-- PROVIDED DATA follows --
lemma is_pure_dec_antipodal:
  assumes "\<bar>n\<bar> \<le> 1"
  shows "is_pure_dec (bloch_state (n * sin t * cos \<phi>) (n * sin t * sin \<phi>) (n * cos t))
    [((1 + n) / 2, ket (of_real (cos (t / 2))) (cis \<phi> * of_real (sin (t / 2)))),
     ((1 - n) / 2, ket (of_real (sin (t / 2))) (- cis \<phi> * of_real (cos (t / 2))))]"
proof -
  have "is_pure_dec (bloch_state (n * sin t * cos \<phi>) (n * sin t * sin \<phi>) (n * cos t))
    [((1 + n) / 2, ket (of_real (cos (t / 2))) (cis \<phi> * of_real (sin (t / 2)))),
     ((1 - n) / 2, ket (of_real (sin (t / 2))) (cis \<phi> * of_real (- cos (t / 2))))]"
  proof (rule is_pure_dec_two)
    have "(1 + n) / 2 * (cos (t / 2) * sin (t / 2)) + (1 - n) / 2 * (sin (t / 2) * - cos (t / 2))
        = n * (cos (t / 2) * sin (t / 2))"
      by (simp add: field_simps)
    then show "(1 + n) / 2 * (cos (t / 2) * sin (t / 2)) + (1 - n) / 2 * (sin (t / 2) * - cos (t / 2))
        = n * sin t / 2"
      by (simp add: cos_half_mult_sin_half)
  qed (use assms in \<open>auto simp: half_angle field_simps\<close>)
  then show ?thesis by simp
qed

lemma is_pure_dec_equator_mirror:
  assumes "\<bar>q\<bar> \<le> 1"
  shows "is_pure_dec (bloch_state (sin t * cos \<phi>) (sin t * sin \<phi>) (q * cos t))
    [((1 + q) / 2, ket (of_real (cos (t / 2))) (cis \<phi> * of_real (sin (t / 2)))),
     ((1 - q) / 2, ket (of_real (sin (t / 2))) (cis \<phi> * of_real (cos (t / 2))))]"
proof (rule is_pure_dec_two)
  have "(1 + q) / 2 * (cos (t / 2) * sin (t / 2)) + (1 - q) / 2 * (sin (t / 2) * cos (t / 2))
      = cos (t / 2) * sin (t / 2)"
    by (simp add: field_simps)
  then show "(1 + q) / 2 * (cos (t / 2) * sin (t / 2)) + (1 - q) / 2 * (sin (t / 2) * cos (t / 2))
      = sin t / 2"
    by (simp add: cos_half_mult_sin_half)
qed (use assms in \<open>auto simp: half_angle field_simps\<close>)

lemma avgC_latitude:
  "avgC f [((1 + q) / 2, ket (of_real (cos (t / 2))) (cis \<phi> * of_real (sin (t / 2)))),
     ((1 - q) / 2, ket (of_real (cos (t / 2))) (- cis \<phi> * of_real (sin (t / 2))))]
   = f ((cos (t / 2))\<^sup>2, (sin (t / 2))\<^sup>2)"
  by (simp add: avgC_def Cf_def norm_mult field_simps)

lemma avgC_antipodal:
  assumes "\<And>x y. (x, y) \<in> Omega \<Longrightarrow> f (x, y) = f (y, x)"
  shows "avgC f [((1 + n) / 2, ket (of_real (cos (t / 2))) (cis \<phi> * of_real (sin (t / 2)))),
     ((1 - n) / 2, ket (of_real (sin (t / 2))) (- cis \<phi> * of_real (cos (t / 2))))]
   = f ((cos (t / 2))\<^sup>2, (sin (t / 2))\<^sup>2)"
  using assms[of "(sin (t / 2))\<^sup>2" "(cos (t / 2))\<^sup>2"]
  by (simp add: avgC_def Cf_def norm_mult Omega_def field_simps)

lemma avgC_equator_mirror:
  assumes "\<And>x y. (x, y) \<in> Omega \<Longrightarrow> f (x, y) = f (y, x)"
  shows "avgC f [((1 + q) / 2, ket (of_real (cos (t / 2))) (cis \<phi> * of_real (sin (t / 2)))),
     ((1 - q) / 2, ket (of_real (sin (t / 2))) (cis \<phi> * of_real (cos (t / 2))))]
   = f ((cos (t / 2))\<^sup>2, (sin (t / 2))\<^sup>2)"
  using assms[of "(sin (t / 2))\<^sup>2" "(cos (t / 2))\<^sup>2"]
  by (simp add: avgC_def Cf_def norm_mult Omega_def field_simps)

lemma sum_list_proj_diag:
  "Re (sum_list (map (\<lambda>(p, \<psi>). p *\<^sub>R proj \<psi>) D) $ k $ k)
     = sum_list (map (\<lambda>(p, \<psi>). p * (cmod (\<psi> $ k))\<^sup>2) D)"
proof (induction D)
  case (Cons d D)
  have "Re (\<psi> $ k * cnj (\<psi> $ k)) = (cmod (\<psi> $ k))\<^sup>2" for \<psi> :: "complex^2"
    unfolding complex_norm_square[symmetric] by simp
  with Cons show ?case by (simp add: case_prod_beta)
qed simp

text \<open>Jensen's inequality, since the populations of the states average to the diagonal of rho.\<close>

lemma avgC_le_diagonal:
  assumes "concave_on Omega f" and "is_pure_dec \<rho> D"
  shows "avgC f D \<le> f (Re (\<rho> $ 1 $ 1), Re (\<rho> $ 2 $ 2))"
proof -
  define p where "p i = fst (D ! i)" for i
  define y where "y i = ((cmod (snd (D ! i) $ 1))\<^sup>2, (cmod (snd (D ! i) $ 2))\<^sup>2)" for i
  have p_nonneg: "0 \<le> p i" and y_Omega: "y i \<in> Omega" if "i \<in> {..<length D}" for i
  proof -
    have "D ! i \<in> set D" using that by simp
    then have "0 \<le> p i \<and> norm (snd (D ! i)) = 1"
      using assms(2) unfolding is_pure_dec_def p_def by (auto simp: case_prod_beta)
    then show "0 \<le> p i" "y i \<in> Omega"
      using norm_vec2_squared[of "snd (D ! i)"] by (auto simp: y_def Omega_def)
  qed
  have p_sum: "(\<Sum>i<length D. p i) = 1"
    using assms(2) by (simp add: is_pure_dec_def p_def sum_list_sum_nth atLeast0LessThan)
  have \<rho>: "\<rho> = sum_list (map (\<lambda>(p, \<psi>). p *\<^sub>R proj \<psi>) D)"
    using assms(2) by (simp add: is_pure_dec_def)
  have "avgC f D = (\<Sum>i<length D. p i * f (y i))"
    by (simp add: avgC_def Cf_def p_def y_def sum_list_sum_nth atLeast0LessThan case_prod_beta)
  also have "\<dots> \<le> f (\<Sum>i<length D. p i *\<^sub>R y i)"
    using p_sum by (intro concave_on_sum[OF _ _ assms(1) p_sum p_nonneg y_Omega]) auto
  also have "(\<Sum>i<length D. p i *\<^sub>R y i) = (Re (\<rho> $ 1 $ 1), Re (\<rho> $ 2 $ 2))"
    unfolding \<rho> sum_list_proj_diag
    by (simp add: prod_eq_iff fst_sum snd_sum p_def y_def sum_list_sum_nth atLeast0LessThan case_prod_beta)
  finally show ?thesis .
qed

text \<open>The point for c is a convex combination of the point for d and its mirror image, at which
  f takes the same value.\<close>

lemma symmetric_concave_antimono:
  assumes "concave_on Omega f" and sym: "\<And>x y. (x, y) \<in> Omega \<Longrightarrow> f (x, y) = f (y, x)"
    and "0 \<le> c" "c \<le> d" "d \<le> 1"
  shows "f ((1 + d) / 2, (1 - d) / 2) \<le> f ((1 + c) / 2, (1 - c) / 2)"
proof (cases "d = 0")
  case False
  define s where "s = (d - c) / (2 * d)"
  have s: "0 \<le> s" "s \<le> 1" using assms False by (auto simp: s_def field_simps)
  have X: "((1 + d) / 2, (1 - d) / 2) \<in> Omega" and Y: "((1 - d) / 2, (1 + d) / 2) \<in> Omega"
    using assms by (auto simp: Omega_def field_simps)
  have comb: "(1 - s) *\<^sub>R ((1 + d) / 2, (1 - d) / 2) + s *\<^sub>R ((1 - d) / 2, (1 + d) / 2)
      = ((1 + c) / 2, (1 - c) / 2)"
    using False by (simp add: s_def prod_eq_iff field_simps)
  have "(1 - s) * f ((1 + d) / 2, (1 - d) / 2) + s * f ((1 - d) / 2, (1 + d) / 2)
      \<le> f ((1 + c) / 2, (1 - c) / 2)"
    using concave_onD[OF assms(1) s X Y] unfolding comb .
  then show ?thesis using sym[OF X] by (simp add: algebra_simps)
qed (use assms in simp)

lemma half_angle_antimono:
  assumes "concave_on Omega f" and "\<And>x y. (x, y) \<in> Omega \<Longrightarrow> f (x, y) = f (y, x)"
    and "0 \<le> cos s" "cos s \<le> cos t"
  shows "f ((cos (t / 2))\<^sup>2, (sin (t / 2))\<^sup>2) \<le> f ((cos (s / 2))\<^sup>2, (sin (s / 2))\<^sup>2)"
  unfolding cos_half_squared sin_half_squared
  by (rule symmetric_concave_antimono) (use assms in auto)

lemma arccos_scaled_cos:
  fixes n \<theta> :: real
  assumes "0 \<le> n" "n \<le> 1" "0 \<le> cos \<theta>" "0 \<le> sin \<theta>"
  shows "cos (arccos (n * cos \<theta>)) = n * cos \<theta>" "n * sin \<theta> \<le> sin (arccos (n * cos \<theta>))"
proof -
  have "0 \<le> n * cos \<theta>" "n * cos \<theta> \<le> 1" using assms by (simp_all add: mult_le_one)
  then have bounds: "- 1 \<le> n * cos \<theta>" "n * cos \<theta> \<le> 1" by linarith+
  then show "cos (arccos (n * cos \<theta>)) = n * cos \<theta>" by (rule cos_arccos)
  have "(n * sin \<theta>)\<^sup>2 = n\<^sup>2 - (n * cos \<theta>)\<^sup>2"
    by (simp add: power_mult_distrib sin_squared_eq right_diff_distrib)
  also have "\<dots> \<le> 1 - (n * cos \<theta>)\<^sup>2" using assms by (simp add: power_le_one)
  finally have "n * sin \<theta> \<le> sqrt (1 - (n * cos \<theta>)\<^sup>2)" by (rule real_le_rsqrt)
  then show "n * sin \<theta> \<le> sin (arccos (n * cos \<theta>))" by (simp add: sin_arccos[OF bounds])
qed

lemma arccos_sqrt_scaled_sin:
  fixes n \<theta> :: real
  assumes "0 \<le> n" "n \<le> 1" "0 \<le> sin \<theta>"
  shows "sin (arccos (sqrt (1 - n\<^sup>2 * (sin \<theta>)\<^sup>2))) = n * sin \<theta>"
    "cos \<theta> \<le> cos (arccos (sqrt (1 - n\<^sup>2 * (sin \<theta>)\<^sup>2)))"
proof -
  have "n\<^sup>2 * (sin \<theta>)\<^sup>2 \<le> (sin \<theta>)\<^sup>2" using assms by (simp add: mult_left_le_one_le power_le_one)
  moreover have "(sin \<theta>)\<^sup>2 \<le> 1" by (simp add: abs_square_le_1)
  ultimately have nonneg: "0 \<le> sqrt (1 - n\<^sup>2 * (sin \<theta>)\<^sup>2)"
    and cos_le: "(cos \<theta>)\<^sup>2 \<le> 1 - n\<^sup>2 * (sin \<theta>)\<^sup>2"
    by (simp_all add: cos_squared_eq)
  have bounds: "- 1 \<le> sqrt (1 - n\<^sup>2 * (sin \<theta>)\<^sup>2)" "sqrt (1 - n\<^sup>2 * (sin \<theta>)\<^sup>2) \<le> 1"
    using nonneg by (linarith, simp)
  have "cos \<theta> \<le> sqrt (1 - n\<^sup>2 * (sin \<theta>)\<^sup>2)" using cos_le by (rule real_le_rsqrt)
  then show "cos \<theta> \<le> cos (arccos (sqrt (1 - n\<^sup>2 * (sin \<theta>)\<^sup>2)))" by (simp add: cos_arccos[OF bounds])
  have "sin (arccos (sqrt (1 - n\<^sup>2 * (sin \<theta>)\<^sup>2))) = sqrt (1 - (sqrt (1 - n\<^sup>2 * (sin \<theta>)\<^sup>2))\<^sup>2)"
    by (rule sin_arccos[OF bounds])
  also have "\<dots> = sqrt ((n * sin \<theta>)\<^sup>2)" using nonneg by (simp add: power_mult_distrib)
  also have "\<dots> = n * sin \<theta>" using assms by simp
  finally show "sin (arccos (sqrt (1 - n\<^sup>2 * (sin \<theta>)\<^sup>2))) = n * sin \<theta>" .
qed

lemma guarded_ratio:
  fixes a b :: real
  assumes "0 \<le> a" "a \<le> b"
  shows "\<bar>if b = 0 then 0 else a / b\<bar> \<le> 1" "(if b = 0 then 0 else a / b) * b = a"
  using assms by auto

theorem mainTheorem5:
  fixes f :: "real \<times> real \<Rightarrow> real" and n \<theta> \<phi> :: real
  assumes hf: "F_sc f"
    and hn: "0 < n" "n \<le> 1"
    and h\<theta>: "0 \<le> \<theta>" "\<theta> \<le> pi / 2"
    and h\<phi>: "0 \<le> \<phi>" "\<phi> < 2 * pi"
  defines "\<rho> \<equiv> bloch_state (n * sin \<theta> * cos \<phi>) (n * sin \<theta> * sin \<phi>) (n * cos \<theta>)"
    and "\<theta>o \<equiv> arccos (n * cos \<theta>)"
    and "\<theta>3 \<equiv> arccos (sqrt (1 - n\<^sup>2 * (sin \<theta>)\<^sup>2))"
  defines "DM \<equiv>
      (let q = (if sin \<theta>o = 0 then 0 else n * sin \<theta> / sin \<theta>o) in
       [((1 + q) / 2, ket (complex_of_real (cos (\<theta>o / 2))) (cis \<phi> * complex_of_real (sin (\<theta>o / 2)))),
        ((1 - q) / 2, ket (complex_of_real (cos (\<theta>o / 2))) (- cis \<phi> * complex_of_real (sin (\<theta>o / 2))))])"
    and "Ds \<equiv>
       [((1 + n) / 2, ket (complex_of_real (cos (\<theta> / 2))) (cis \<phi> * complex_of_real (sin (\<theta> / 2)))),
        ((1 - n) / 2, ket (complex_of_real (sin (\<theta> / 2))) (- cis \<phi> * complex_of_real (cos (\<theta> / 2))))]"
    and "Dm1 \<equiv>
      (let q = (if cos \<theta>3 = 0 then 0 else n * cos \<theta> / cos \<theta>3) in
       [((1 + q) / 2, ket (complex_of_real (cos (\<theta>3 / 2))) (cis \<phi> * complex_of_real (sin (\<theta>3 / 2)))),
        ((1 - q) / 2, ket (complex_of_real (sin (\<theta>3 / 2))) (cis \<phi> * complex_of_real (cos (\<theta>3 / 2))))])"
  shows "is_pure_dec \<rho> DM \<and> is_pure_dec \<rho> Ds \<and> is_pure_dec \<rho> Dm1
    \<and> avgC f Dm1 \<le> avgC f Ds \<and> avgC f Ds \<le> avgC f DM
    \<and> (\<forall>D. is_pure_dec \<rho> D \<longrightarrow> avgC f D \<le> avgC f DM)
    \<and> avgC f DM = f ((cos (\<theta>o / 2))\<^sup>2, (sin (\<theta>o / 2))\<^sup>2)
    \<and> avgC f Ds = f ((cos (\<theta> / 2))\<^sup>2, (sin (\<theta> / 2))\<^sup>2)
    \<and> avgC f Dm1 = f ((cos (\<theta>3 / 2))\<^sup>2, (sin (\<theta>3 / 2))\<^sup>2)"
proof -
  from hf have conc: "concave_on Omega f" and sym: "\<And>x y. (x, y) \<in> Omega \<Longrightarrow> f (x, y) = f (y, x)"
    unfolding F_sc_def by auto
  have trig: "0 \<le> cos \<theta>" "0 \<le> sin \<theta>" using h\<theta> by (auto intro: cos_ge_zero sin_ge_zero)
  then have ncos: "0 \<le> n * cos \<theta>" "n * cos \<theta> \<le> cos \<theta>" and nsin: "0 \<le> n * sin \<theta>"
    using hn by (auto simp: mult_left_le_one_le)
  have cos_\<theta>o: "cos \<theta>o = n * cos \<theta>" and sin_\<theta>o: "n * sin \<theta> \<le> sin \<theta>o"
    using arccos_scaled_cos[of n \<theta>] hn trig unfolding \<theta>o_def by simp_all
  have sin_\<theta>3: "sin \<theta>3 = n * sin \<theta>" and cos_\<theta>_le: "cos \<theta> \<le> cos \<theta>3"
    using arccos_sqrt_scaled_sin[of n \<theta>] hn trig unfolding \<theta>3_def by simp_all
  have ncos_\<theta>3: "n * cos \<theta> \<le> cos \<theta>3" using ncos(2) cos_\<theta>_le by linarith
  have decM: "is_pure_dec \<rho> DM"
    using is_pure_dec_latitude[OF guarded_ratio(1)[OF nsin sin_\<theta>o], of \<theta>o \<phi>]
    unfolding DM_def Let_def guarded_ratio(2)[OF nsin sin_\<theta>o] cos_\<theta>o \<rho>_def .
  have decS: "is_pure_dec \<rho> Ds"
    unfolding \<rho>_def Ds_def using hn by (intro is_pure_dec_antipodal) simp
  have decm: "is_pure_dec \<rho> Dm1"
    using is_pure_dec_equator_mirror[OF guarded_ratio(1)[OF ncos(1) ncos_\<theta>3], of \<theta>3 \<phi>]
    unfolding Dm1_def Let_def guarded_ratio(2)[OF ncos(1) ncos_\<theta>3] sin_\<theta>3 \<rho>_def .
  have vM: "avgC f DM = f ((cos (\<theta>o / 2))\<^sup>2, (sin (\<theta>o / 2))\<^sup>2)"
    unfolding DM_def Let_def by (rule avgC_latitude)
  have vS: "avgC f Ds = f ((cos (\<theta> / 2))\<^sup>2, (sin (\<theta> / 2))\<^sup>2)"
    unfolding Ds_def by (intro avgC_antipodal sym)
  have vm: "avgC f Dm1 = f ((cos (\<theta>3 / 2))\<^sup>2, (sin (\<theta>3 / 2))\<^sup>2)"
    unfolding Dm1_def Let_def by (intro avgC_equator_mirror sym)
  have "avgC f Dm1 \<le> avgC f Ds"
    unfolding vm vS using trig cos_\<theta>_le by (intro half_angle_antimono[where f = f, OF conc sym])
  moreover have "avgC f Ds \<le> avgC f DM"
    unfolding vS vM using ncos cos_\<theta>o by (intro half_angle_antimono[where f = f, OF conc sym]) simp_all
  moreover have "avgC f D \<le> avgC f DM" if "is_pure_dec \<rho> D" for D
    using avgC_le_diagonal[OF conc that]
    unfolding vM \<rho>_def bloch_state_nth half_angle cos_\<theta>o by simp
  ultimately show ?thesis using decM decS decm vM vS vm by blast
qed
(* Let $X \subset Y \subset \mathbb{R}^{n}$ be finite sets, let $k \geq 0$ be an integer, let $r > 0$ and $s \geq 0$. Suppose that $X^{k+1}_{dis}$ is $r$-dense in $Y^{k+1}_{dis}$ and that $L_{s,k}(Y) \neq \emptyset$. Then there is a simplicial map $\theta: L_{s,k}(Y) \to L_{s+2r,k}(X)$ such that, for the inclusions $j: L_{s,k}(X) \to L_{s+2r,k}(X)$, $j: L_{s,k}(Y) \to L_{s+2r,k}(Y)$ and $i: L_{s,k}(X) \to L_{s,k}(Y)$, $i: L_{s+2r,k}(X) \to L_{s+2r,k}(Y)$, one has $\theta \circ i = j$ (strict commutativity of the upper triangle), and $i \circ \theta$ is homotopic to $j: L_{s,k}(Y) \to L_{s+2r,k}(Y)$ after geometric realization.
   Context: $\mathbb{R}^n$ carries the Euclidean metric $d$. For subsets $A \subset B$ of a metric space and $r>0$, $A$ is $r$-dense in $B$ if for every $b \in B$ there is an $a \in A$ with $d(a,b) < r$. For a finite $X \subset \mathbb{R}^n$ and $s \ge 0$, $V_{s}(X)$ is the Vietoris–Rips complex: vertex set $X$, simplices the nonempty subsets $\{x_0,\dots,x_p\}$ with $d(x_i,x_j) \le s$ for all $i,j$. For an integer $k \geq 0$, the Lesnick complex $L_{s,k}(X)$ is the full subcomplex of $V_{s}(X)$ on the set of vertices $x \in X$ for which there exist at least $k$ points $x' \in X$, distinct from $x$, with $d(x,x') \leq s$. $X^{k+1}_{dis}$ denotes the set of ordered $(k+1)$-tuples of pairwise distinct points of $X$, regarded as a subset of $(\mathbb{R}^{n})^{k+1} = \mathbb{R}^{n(k+1)}$ with its Euclidean metric. *)

theory Defs
  imports "HOL-Analysis.Analysis"
begin

definition r_dense :: "real \<Rightarrow> 'b::metric_space set \<Rightarrow> 'b set \<Rightarrow> bool" where
  "r_dense r A B \<longleftrightarrow> (\<forall>b\<in>B. \<exists>a\<in>A. dist a b < r)"

text \<open>Ordered (k+1)-tuples of pairwise distinct points of X, represented as lists.\<close>
definition dis_tuples :: "'a set \<Rightarrow> nat \<Rightarrow> 'a list set" where
  "dis_tuples X k = {xs. length xs = k + 1 \<and> distinct xs \<and> set xs \<subseteq> X}"
lemma weighted_diff_le_of_rate_le:
  fixes a b c \<epsilon> H H' ea eb ec :: real
  assumes "0 < a" "a \<le> b" "0 \<le> eb" "eb \<le> ea" "0 \<le> ec"
    and "0 \<le> H" "H \<le> 1" "0 \<le> H'" "H - H' \<le> 1 - (1 - \<epsilon>) * ec"
    and "b - c \<le> a * (1 - \<epsilon>)"
  shows "a * ea * H - b * eb * H' \<le> (b - (b - c) * ec) * eb + (a * ea - b * eb)"
proof -
  have "a * ea * H - b * eb * H' = a * eb * (H - H') + a * (ea - eb) * H + (a - b) * eb * H'"
    by (simp add: algebra_simps)
  also have "\<dots> \<le> a * eb * (1 - (1 - \<epsilon>) * ec) + a * (ea - eb) + 0"
  proof (intro add_mono)
    show "a * eb * (H - H') \<le> a * eb * (1 - (1 - \<epsilon>) * ec)"
      using assms by (intro mult_left_mono) auto
    show "a * (ea - eb) * H \<le> a * (ea - eb)"
      using assms by (simp add: mult_left_le)
    show "(a - b) * eb * H' \<le> 0"
      using assms by (simp add: mult_nonpos_nonneg)
  qed
  also have "\<dots> \<le> (b - (b - c) * ec) * eb + (a * ea - b * eb)"
    using mult_right_mono[OF \<open>b - c \<le> a * (1 - \<epsilon>)\<close>, of "eb * ec"] assms
    by (simp add: algebra_simps)
  finally show ?thesis .
qed

lemma weighted_diff_le_of_rate_ge:
  fixes a b c \<epsilon> H H' ea eb ec :: real
  assumes "0 < b" "b \<le> a" "0 \<le> ea" "ea \<le> eb" "0 \<le> ec"
    and "H \<le> 1" "0 \<le> H'" "H - H' \<le> 1 - (1 - \<epsilon>) * ec"
    and "a - c \<le> b * (1 - \<epsilon>)"
  shows "a * ea * H - b * eb * H' \<le> (a - (a - c) * ec) * ea"
proof -
  have "a * ea * H - b * eb * H' = b * ea * (H - H') + (a - b) * ea * H - b * (eb - ea) * H'"
    by (simp add: algebra_simps)
  also have "\<dots> \<le> b * ea * (1 - (1 - \<epsilon>) * ec) + (a - b) * ea - 0"
  proof (intro add_mono diff_mono)
    show "b * ea * (H - H') \<le> b * ea * (1 - (1 - \<epsilon>) * ec)"
      using assms by (intro mult_left_mono) auto
    show "(a - b) * ea * H \<le> (a - b) * ea"
      using assms by (simp add: mult_left_le)
    show "0 \<le> b * (eb - ea) * H'"
      using assms by simp
  qed
  also have "\<dots> \<le> (a - (a - c) * ec) * ea"
    using mult_right_mono[OF \<open>a - c \<le> b * (1 - \<epsilon>)\<close>, of "ea * ec"] assms
    by (simp add: algebra_simps)
  finally show ?thesis .
qed
lemma first_step_cases:
  assumes M: "closed M" and N: "closed N"
  shows "cfv C = {} \<Longrightarrow> cbv_step (fill C M) T \<Longrightarrow> eval_hole C \<or>
    (\<exists>C'. T = fill C' M \<and> cbv_step (fill C N) (fill C' N) \<and> cfv C' = {})"
proof (induction C arbitrary: T)
  case Hole
  then show ?case using eval_hole_Hole by blast
next
  case (CVar x)
  then show ?case by simp
next
  case (CLam x C)
  then show ?case by (auto elim: cbv_step.cases)
next
  case (CApp C1 C2)
  have closed1: "cfv C1 = {}" and closed2: "cfv C2 = {}" using CApp.prems(1) by auto
  show ?case
  proof (cases "C2 = Hole")
    case True
    then show ?thesis using eval_hole_arg[OF eval_hole_Hole closed1] by blast
  next
    case C2: False
    from CApp.prems(2) show ?thesis
    proof (cases rule: cbv_step.cases)
      case (argR N0 B' A0)
      then have T: "T = App (fill C1 M) B'" and step: "cbv_step (fill C2 M) B'" by auto
      from CApp.IH(2)[OF closed2 step] show ?thesis
      proof
        assume "eval_hole C2"
        then show ?thesis using eval_hole_arg closed1 by blast
      next
        assume "\<exists>C'. B' = fill C' M \<and> cbv_step (fill C2 N) (fill C' N) \<and> cfv C' = {}"
        then obtain C' where "B' = fill C' M" "cbv_step (fill C2 N) (fill C' N)" "cfv C' = {}"
          by blast
        then show ?thesis using T closed1
          by (intro disjI2 exI[of _ "CApp C1 C'"]) (auto intro: cbv_step.argR)
      qed
    next
      case (funL A0 A' V0)
      then have T: "T = App A' (fill C2 M)" and step: "cbv_step (fill C1 M) A'"
        and vM: "is_value (fill C2 M)" by auto
      obtain y Q where Q: "C2 = CLam y Q" and vN: "is_value (fill C2 N)"
        using value_ctx[OF vM C2 closed2 N] .
      from CApp.IH(1)[OF closed1 step] show ?thesis
      proof
        assume "eval_hole C1"
        then show ?thesis using eval_hole_fun closed2 Q by blast
      next
        assume "\<exists>C'. A' = fill C' M \<and> cbv_step (fill C1 N) (fill C' N) \<and> cfv C' = {}"
        then obtain C' where "A' = fill C' M" "cbv_step (fill C1 N) (fill C' N)" "cfv C' = {}"
          by blast
        then show ?thesis using T closed2 vN
          by (intro disjI2 exI[of _ "CApp C' C2"]) (auto intro: cbv_step.funL)
      qed
    next
      case (beta V0 x P)
      then have lam: "fill C1 M = Lam x P" and T: "T = subst P (fill C2 M) x"
        and vM: "is_value (fill C2 M)" by auto
      obtain y Q where Q: "C2 = CLam y Q" and vN: "is_value (fill C2 N)"
        using value_ctx[OF vM C2 closed2 N] .
      show ?thesis
      proof (cases "C1 = Hole")
        case True
        then show ?thesis using eval_hole_fun[OF eval_hole_Hole closed2 Q] by blast
      next
        case False
        with lam obtain P' where P': "C1 = CLam x P'" "P = fill P' M"
          using fill_Lam by blast
        have "T = fill (csubst P' C2 x) M"
          using T P' fill_csubst[OF M] by simp
        moreover have "cbv_step (fill (CApp C1 C2) N) (fill (csubst P' C2 x) N)"
          using P' vN fill_csubst[OF N] by (auto intro: cbv_step.beta)
        moreover have "cfv (csubst P' C2 x) = {}"
          using cfv_csubst[of P' C2 x] closed1 closed2 P' by auto
        ultimately show ?thesis by blast
      qed
    qed
  qed
qed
-- PROVIDED DATA concluded --
## WHAT IS BEING ASKED
Which lines of the listing contain the string "that"? Copy each of them.

## RESPONSE
    have "D ! i \<in> set D" using that by simp
    using avgC_le_diagonal[OF conc that]
(* Let $X \subset Y \subset \mathbb{R}^{n}$ be finite sets, let $k \geq 0$ be an integer, let $r > 0$ and $s \geq 0$. Suppose that $X^{k+1}_{dis}$ is $r$-dense in $Y^{k+1}_{dis}$ and that $L_{s,k}(Y) \neq \emptyset$. Then there is a simplicial map $\theta: L_{s,k}(Y) \to L_{s+2r,k}(X)$ such that, for the inclusions $j: L_{s,k}(X) \to L_{s+2r,k}(X)$, $j: L_{s,k}(Y) \to L_{s+2r,k}(Y)$ and $i: L_{s,k}(X) \to L_{s,k}(Y)$, $i: L_{s+2r,k}(X) \to L_{s+2r,k}(Y)$, one has $\theta \circ i = j$ (strict commutativity of the upper triangle), and $i \circ \theta$ is homotopic to $j: L_{s,k}(Y) \to L_{s+2r,k}(Y)$ after geometric realization.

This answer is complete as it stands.